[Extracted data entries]
━━━━━━━━━━

lemma (in inner_form_on) Jmap_complexify:
  assumes b: "bilinear br" and l: "linear \<eta>"
  defines "J1 \<equiv> Jmap br V q (\<lambda>a. \<eta> (a, 0))" and "J2 \<equiv> Jmap br V q (\<lambda>b. \<eta> (0, b))"
  shows "Jmap (complexify_br br) (V \<times> V) (complexify_ip q) \<eta>
    = (\<lambda>p. (J1 (fst p) + J2 (snd p), J2 (fst p) - J1 (snd p)))"
proof
  interpret C: inner_form_on "V \<times> V" "complexify_ip q"
    by (rule inner_form_on_complexify) unfold_locales
  note l12 = linear_complexify_parts[OF l]
  note c1 = Jmap[OF b l12(1), folded J1_def] and c2 = Jmap[OF b l12(2), folded J2_def]
  fix p :: "'a \<times> 'a"
  show "Jmap (complexify_br br) (V \<times> V) (complexify_ip q) \<eta> p
    = (J1 (fst p) + J2 (snd p), J2 (fst p) - J1 (snd p))"
  proof (rule C.Jmap_eqI)
    show "(J1 (fst p) + J2 (snd p), J2 (fst p) - J1 (snd p)) \<in> V \<times> V"
      using c1(1) c2(1) subspace_V by (auto intro: subspace_add subspace_diff)
    fix x' :: "'a \<times> 'a" assume "x' \<in> V \<times> V"
    then show "complexify_ip q (J1 (fst p) + J2 (snd p), J2 (fst p) - J1 (snd p)) x'
      = \<eta> (complexify_br br p x')"
      using c1(2) c2(2) l12(3)[of "br (fst p) (fst x') - br (snd p) (snd x')"]
      by (auto simp: complexify_ip_def complexify_br_def form_simps linear_diff[OF l12(1)]
          linear_add[OF l12(2)])
  qed
qed

context inner_form_on
begin

lemma pluecker_add:
  "pluecker q (\<lambda>x. J x + K x) (\<lambda>x. J x + K x) x1 x2 x3
    = pluecker q J J x1 x2 x3 + pluecker q K K x1 x2 x3 + (pluecker q J K x1 x2 x3 + pluecker q K J x1 x2 x3)"
  by (simp add: pluecker_def form_simps scaleR_add_left scaleR_add_right algebra_simps)

context
  fixes br :: "'a \<Rightarrow> 'a \<Rightarrow> 'a"
  assumes two_step: "two_step br"
    and rank2: "\<forall>\<eta>. nonzero_dual_center br \<eta> \<longrightarrow> dim (Jmap br V q \<eta> ` V) = 2"
begin

lemma pluecker_Jmap:
  assumes l: "linear \<eta>" and x: "x1 \<in> V" "x2 \<in> V" "x3 \<in> V"
  shows "pluecker q (Jmap br V q \<eta>) (Jmap br V q \<eta>) x1 x2 x3 = 0"
proof (cases "nonzero_dual_center br \<eta>")
  case True
  interpret skew_on V q "Jmap br V q \<eta>" by (rule skew_on_Jmap[OF two_step l])
  show ?thesis by (rule pluecker_rank2[OF rank2[rule_format, OF True] x])
next
  case False
  then have "\<forall>w\<in>center br. \<eta> w = 0" using l unfolding nonzero_dual_center_def by blast
  then show ?thesis by (simp add: pluecker_def Jmap_eq_0[OF two_step])
qed
lemma Re_F_pos_near_p:
  assumes "\<And>d. d \<in> sphere 0 1 \<Longrightarrow> \<exists>i\<in>I. c \<le> Re (A i p * d)" "c > 0"
    and "ball p \<rho> \<subseteq> U" "\<And>i w. i \<in> I \<Longrightarrow> w \<in> ball p \<rho> \<Longrightarrow> cmod (A i w - A i p) \<le> c / 2"
    and "z \<in> ball p \<rho>" "z \<noteq> p"
  shows "\<exists>i\<in>I. 0 < Re (F i z)"
proof -
  define d where "d = (z - p) / cmod (z - p)"
  have "d \<in> sphere 0 1"
    using assms(6) by (simp add: d_def norm_divide)
  then obtain i where i: "i \<in> I" "c \<le> Re (A i p * d)"
    using assms(1) by blast
  have "A i p * (z - p) = cmod (z - p) *\<^sub>R (A i p * d)"
    using assms(6) by (simp add: d_def scaleR_conv_of_real)
  then have "Re (A i p * (z - p)) = cmod (z - p) * Re (A i p * d)"
    by (simp only: scaleR_complex.sel)
  then have "c * cmod (z - p) \<le> Re (A i p * (z - p))"
    using mult_right_mono[OF i(2) norm_ge_zero[of "z - p"]] by (simp add: mult.commute)
  moreover have "cmod (F i z - A i p * (z - p)) \<le> c / 2 * cmod (z - p)"
    using F_linear_approx[OF i(1) assms(3) _ assms(5)] assms(4)[OF i(1)] by blast
  then have "- (c / 2 * cmod (z - p)) \<le> Re (F i z) - Re (A i p * (z - p))"
    using abs_Re_le_cmod[of "F i z - A i p * (z - p)"] by simp
  moreover have "0 < c * cmod (z - p)"
    using assms(2,6) by simp
  ultimately have "0 < Re (F i z)"
    by linarith
  then show ?thesis
    using i(1) by blast
qed

lemma nonpos_set_near_p_if_uniform_ascent:
  assumes "c > 0" "\<And>d. d \<in> sphere 0 1 \<Longrightarrow> \<exists>i\<in>I. c \<le> Re (A i p * d)"
  obtains \<rho> where "\<rho> > 0" "ball p \<rho> \<inter> nonpos_set \<subseteq> {p}"
proof -
  have "\<forall>\<^sub>F w in nhds p. w \<in> U \<and> (\<forall>i\<in>I. dist (A i w) (A i p) < c / 2)"
  proof (intro eventually_conj eventually_in_U eventually_ball_finite[OF finite_I] ballI)
    fix i assume "i \<in> I"
    show "\<forall>\<^sub>F w in nhds p. dist (A i w) (A i p) < c / 2"
      using tendstoD[OF A_tendsto[OF \<open>i \<in> I\<close>] half_gt_zero[OF assms(1)]] .
  qed
  then obtain \<rho> where \<rho>: "\<rho> > 0" "\<And>w. w \<in> ball p \<rho> \<Longrightarrow> w \<in> U \<and> (\<forall>i\<in>I. dist (A i w) (A i p) < c / 2)"
    using eventually_nhds_ball by blast
  have "ball p \<rho> \<subseteq> U" "\<And>i w. i \<in> I \<Longrightarrow> w \<in> ball p \<rho> \<Longrightarrow> cmod (A i w - A i p) \<le> c / 2"
    using \<rho>(2) by (auto simp: dist_norm less_imp_le)
  note pos = Re_F_pos_near_p[OF assms(2,1) this]
  have "ball p \<rho> \<inter> nonpos_set \<subseteq> {p}"
  proof
    fix z assume z: "z \<in> ball p \<rho> \<inter> nonpos_set"
    show "z \<in> {p}"
    proof (rule ccontr)
      assume "z \<notin> {p}"
      then obtain i where "i \<in> I" "0 < Re (F i z)"
        using pos z by blast
      then show False
        using z unfolding nonpos_set_def by fastforce
    qed
  qed
  with \<rho>(1) show ?thesis by (rule that)
qed

lemma descent_nbhd_if_no_descent_direction:
  assumes "\<nexists>d. \<forall>i\<in>I. Re (A i p * d) < 0"
  obtains N where "descent_nbhd N"
proof -
  have "\<exists>i\<in>I. 0 < Re (A i p * d)" if "d \<noteq> 0" for d
    using ascent_direction_if_no_descent_direction[of I "\<lambda>i. A i p", OF finite_I A_at_p_nonzero
        A_at_p_independent assms that] .
  then obtain c where "c > 0" "\<And>d. d \<in> sphere 0 1 \<Longrightarrow> \<exists>i\<in>I. c \<le> Re (A i p * d)"
    using uniform_ascent_on_sphere[of I "\<lambda>i. A i p", OF finite_I] by blast
  then obtain \<rho> where \<rho>: "\<rho> > 0" "ball p \<rho> \<inter> nonpos_set \<subseteq> {p}"
    using nonpos_set_near_p_if_uniform_ascent by blast
  have empty: "ball p \<rho> \<inter> interior nonpos_set = {}"
  proof (rule ccontr)
    assume "ball p \<rho> \<inter> interior nonpos_set \<noteq> {}"
    moreover have "ball p \<rho> \<inter> interior nonpos_set \<subseteq> {p}"
      using \<rho>(2) interior_subset by blast
    ultimately have "ball p \<rho> \<inter> interior nonpos_set = {p}"
      by blast
    moreover have "open (ball p \<rho> \<inter> interior nonpos_set)"
      by blast
    ultimately show False
      using not_open_singleton by metis
  qed
  have "descent_nbhd (ball p \<rho>)"
    unfolding descent_nbhd_def empty using \<rho>(1) by simp
  then show ?thesis by (rule that)
qed

lemma descent_path_single_chart:
  assumes "I = {k}" and chart: "holomorphic_chart (F k) (A k) S" and "S \<subseteq> U"
    and "ball 0 R \<subseteq> F k ` S" "z \<in> S" "\<alpha> \<in> S" "F k z \<in> ball 0 R" "F k \<alpha> \<in> ball 0 R"
    and "Re (F k \<alpha>) < Re (F k z)"
  shows "\<exists>g. descent_path z \<alpha> g"
proof -
  have seg: "closed_segment (F k z) (F k \<alpha>) \<subseteq> F k ` S"
    using assms(4,7,8) closed_segment_subset[OF _ _ convex_ball] by blast
  have "Re (A i w / A k w * (F k \<alpha> - F k z)) \<le> 0" if "i \<in> I" "w \<in> S" for i w
    using that assms(1,9) holomorphic_chart.deriv_nonzero[OF chart, of w] by simp
  from descent_path_along_chart[OF chart assms(3) seg this]
  show ?thesis
    using holomorphic_chart.inv_f[OF chart] assms(5,6) by auto
qed

lemma descent_nbhd_if_singleton:
  assumes "I = {k}"
  obtains N where "descent_nbhd N"
proof -
  have k: "k \<in> I" using assms by simp
  obtain \<rho> where \<rho>: "\<rho> > 0" "ball p \<rho> \<subseteq> U" and chart: "holomorphic_chart (F k) (A k) (ball p \<rho>)"
    using chart_near_p[OF k] .
  interpret holomorphic_chart "F k" "A k" "ball p \<rho>" by (fact chart)
  obtain R where R: "R > 0" "ball 0 R \<subseteq> F k ` ball p \<rho>"
    using open_image F_at_p[OF k] \<rho>(1) openE by (metis centre_in_ball imageI)
  define N where "N = ball p \<rho> \<inter> F k -` ball 0 R"
  have "descent_nbhd N"
    unfolding descent_nbhd_def
  proof (intro conjI ballI)
    show "open N"
      unfolding N_def using holomorphic_on_imp_continuous_on[OF holomorphic]
      by (intro continuous_open_preimage) auto
    show "p \<in> N"
      using \<rho>(1) R(1) F_at_p[OF k] by (simp add: N_def)
    fix \<alpha> assume \<alpha>: "\<alpha> \<in> N \<inter> interior nonpos_set"
    have "Re (F k \<alpha>) < 0"
      using Re_F_neg_on_interior[OF chart k] \<alpha> by (auto simp: N_def)
    then have "\<forall>\<^sub>F z in nhds p. Re (F k \<alpha>) < Re (F k z)"
      using order_tendstoD(1)[OF tendsto_Re[OF F_tendsto_0[OF k]]] by simp
    moreover have "\<forall>\<^sub>F z in nhds p. z \<in> N"
      using \<open>open N\<close> \<open>p \<in> N\<close> eventually_nhds_in_open by blast
    ultimately show "\<forall>\<^sub>F z in nhds p. z \<in> U \<longrightarrow> (\<exists>g. descent_path z \<alpha> g)"
      by eventually_elim
        (use descent_path_single_chart[OF assms chart \<rho>(2) R(2)] \<alpha> in \<open>auto simp: N_def\<close>)
  qed
  then show ?thesis by (rule that)
qed

lemma exists_extreme_indices:
  assumes "2 \<le> card I" "\<forall>i\<in>I. Re (A i p * d) < 0"
  obtains j k where "j \<in> I" "k \<in> I" "j \<noteq> k"
    and "\<And>i. i \<in> I - {k} \<Longrightarrow> 0 < Im (A i p / A k p)" "\<And>i. i \<in> I - {j} \<Longrightarrow> Im (A i p / A j p) < 0"
proof -
  have "I \<noteq> {}"
    using assms(1) by auto
  obtain k j where k: "k \<in> I" "\<And>i. i \<in> I - {k} \<Longrightarrow> 0 < Im (A i p / A k p)"
    and j: "j \<in> I" "\<And>i. i \<in> I - {j} \<Longrightarrow> Im (A i p / A j p) < 0"
    using exists_extreme_ratios[of I "\<lambda>i. A i p" d, OF finite_I \<open>I \<noteq> {}\<close>] assms(2) A_at_p_independent
    by blast
  have "j \<noteq> k"
  proof
    assume "j = k"
    have "card (I - {k}) \<noteq> 0"
      using assms(1) k(1) finite_I by (simp add: card_Diff_singleton)
    then obtain i where "i \<in> I - {k}"
      by (metis card.empty ex_in_conv)
    then show False
      using k(2)[of i] j(2)[of i] \<open>j = k\<close> by force
  qed
  then show ?thesis
    using that j k by blast
qed

end

section \<open>Two charts\<close>

text \<open>Moving by \<open>\<i> t\<close> in the chart of \<open>F k\<close> changes \<open>Re (F i)\<close> at rate \<open>- Im (A i / A k)\<close>, so the
  sign conditions make every height non-increasing upwards in the chart of \<open>F k\<close> and downwards
  in the chart of \<open>F j\<close>; the margin \<open>c\<close> makes \<open>Re (F j)\<close> drop at a definite rate upwards in the
  chart of \<open>F k\<close>.\<close>
locale two_chart_setting = height_family +
  fixes j k :: nat and S :: "complex set" and c :: real
  assumes j_in_I: "j \<in> I" and k_in_I: "k \<in> I"
    and S_subset_U: "S \<subseteq> U" and p_in_S: "p \<in> S"
    and chart_j: "holomorphic_chart (F j) (A j) S"
    and chart_k: "holomorphic_chart (F k) (A k) S"
    and c_pos: "c > 0"
    and Im_ratio_k_nonneg: "\<And>i w. i \<in> I \<Longrightarrow> w \<in> S \<Longrightarrow> 0 \<le> Im (A i w / A k w)"
    and Im_ratio_jk_ge: "\<And>w. w \<in> S \<Longrightarrow> c \<le> Im (A j w / A k w)"
    and Im_ratio_j_nonpos: "\<And>i w. i \<in> I \<Longrightarrow> w \<in> S \<Longrightarrow> Im (A i w / A j w) \<le> 0"
begin

sublocale J: holomorphic_chart "F j" "A j" S by (fact chart_j)
sublocale K: holomorphic_chart "F k" "A k" S by (fact chart_k)

abbreviation "Gj \<equiv> the_inv_into S (F j)"
abbreviation "Gk \<equiv> the_inv_into S (F k)"

lemma vertical_descent_k:
  assumes "0 \<le> t" "closed_segment u (u + \<i> * of_real t) \<subseteq> F k ` S"
  shows "descent_path (Gk u) (Gk (u + \<i> * of_real t)) (Gk \<circ> linepath u (u + \<i> * of_real t))"
proof (rule descent_path_along_chart[OF chart_k S_subset_U assms(2)])
  fix i w assume "i \<in> I" "w \<in> S"
  then show "Re (A i w / A k w * (u + \<i> * of_real t - u)) \<le> 0"
    unfolding Re_mult_vertical using Im_ratio_k_nonneg[of i w] assms(1) by simp
qed

lemma vertical_descent_j:
  assumes "s \<le> 0" "closed_segment v (v + \<i> * of_real s) \<subseteq> F j ` S"
  shows "descent_path (Gj v) (Gj (v + \<i> * of_real s)) (Gj \<circ> linepath v (v + \<i> * of_real s))"
proof (rule descent_path_along_chart[OF chart_j S_subset_U assms(2)])
  fix i w assume "i \<in> I" "w \<in> S"
  then show "Re (A i w / A j w * (v + \<i> * of_real s - v)) \<le> 0"
    unfolding Re_mult_vertical using Im_ratio_j_nonpos[of i w] assms(1)
    by (simp add: mult_nonpos_nonpos)
qed

text \<open>Apply the monotonicity criterion to \<open>F j - \<i> c F k\<close>, whose real part is
  \<open>Re (F j) + c Im (F k)\<close>.\<close>
lemma vertical_rate_k:
  assumes "0 \<le> t" "closed_segment u (u + \<i> * of_real t) \<subseteq> F k ` S"
  shows "Re (F j (Gk (u + \<i> * of_real t))) + c * t \<le> Re (F j (Gk u))"
proof -
  define h where "h w = F j w - \<i> * of_real c * F k w" for w
  have "antimono_on {0..1} (\<lambda>s. Re (h ((Gk \<circ> linepath u (u + \<i> * of_real t)) s)))"
  proof (rule K.segment_antimono[OF assms(2)])
    fix w assume w: "w \<in> S"
    then have "w \<in> U"
      using S_subset_U by blast
    then show "(h has_field_derivative A j w - \<i> * of_real c * A k w) (at w)"
      unfolding h_def using DERIV_diff[OF F_deriv[OF j_in_I] DERIV_cmult[OF F_deriv[OF k_in_I]]]
      by blast
    have "(A j w - \<i> * of_real c * A k w) / A k w = A j w / A k w - \<i> * of_real c"
      using K.deriv_nonzero[OF w] by (simp add: field_simps)
    then show "Re ((A j w - \<i> * of_real c * A k w) / A k w * (u + \<i> * of_real t - u)) \<le> 0"
      unfolding Re_mult_vertical using Im_ratio_jk_ge[OF w] assms(1) by simp
  qed
  from monotone_onD[OF this, of 0 1]
  have "Re (h (Gk (u + \<i> * of_real t))) \<le> Re (h (Gk u))"
    by (simp add: linepath_def)
  moreover have "u \<in> F k ` S" "u + \<i> * of_real t \<in> F k ` S"
    using assms(2) by auto
  ultimately show ?thesis
    by (simp add: h_def algebra_simps)
qed

lemma vertical_crossing_k:
  assumes "0 \<le> T" "closed_segment u (u + \<i> * of_real T) \<subseteq> F k ` S"
    and "Re (F j (Gk (u + \<i> * of_real T))) \<le> y" "y \<le> Re (F j (Gk u))"
  obtains t where "0 \<le> t" "t \<le> T" "Re (F j (Gk (u + \<i> * of_real t))) = y"
proof -
  let ?\<gamma> = "linepath u (u + \<i> * of_real T)"
  have "?\<gamma> ` {0..1} \<subseteq> F k ` S"
    using assms(2) linepath_in_path by fastforce
  then have "continuous_on {0..1} (\<lambda>s. Gk (?\<gamma> s))"
    using continuous_on_compose2[OF holomorphic_on_imp_continuous_on[OF K.inv_holomorphic]
        continuous_on_linepath] by blast
  moreover have "(\<lambda>s. Gk (?\<gamma> s)) ` {0..1} \<subseteq> S"
    using \<open>?\<gamma> ` {0..1} \<subseteq> F k ` S\<close> K.inv_in by blast
  ultimately have "continuous_on {0..1} (\<lambda>s. F j (Gk (?\<gamma> s)))"
    using continuous_on_compose2[OF holomorphic_on_imp_continuous_on[OF J.holomorphic]] by blast
  then have "continuous_on {0..1} (\<lambda>s. Re (F j (Gk (?\<gamma> s))))"
    by (rule continuous_on_Re)
  then obtain s where "0 \<le> s" "s \<le> 1" "Re (F j (Gk (?\<gamma> s))) = y"
    using IVT2'[of "\<lambda>s. Re (F j (Gk (?\<gamma> s)))" 1 y 0] assms(3,4)
    by (auto simp only: linepath_0' linepath_1' zero_le_one)
  then show ?thesis
    using that[of "s * T"] assms(1) by (simp add: linepath_vertical mult_left_le_one_le)
qed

━━━━━━━━━━

**Assigned task:** Retype the portion of the data above that starts on the line with "using k(2)[of i]" and finishes on the line with "chart of \<open>F k\<close>.\<close>", including both of those lines.

**Problem solution:**
      using k(2)[of i] j(2)[of i] \<open>j = k\<close> by force
  qed
  then show ?thesis
    using that j k by blast
qed

end

section \<open>Two charts\<close>

text \<open>Moving by \<open>\<i> t\<close> in the chart of \<open>F k\<close> changes \<open>Re (F i)\<close> at rate \<open>- Im (A i / A k)\<close>, so the
  sign conditions make every height non-increasing upwards in the chart of \<open>F k\<close> and downwards
  in the chart of \<open>F j\<close>; the margin \<open>c\<close> makes \<open>Re (F j)\<close> drop at a definite rate upwards in the
  chart of \<open>F k\<close>.\<close>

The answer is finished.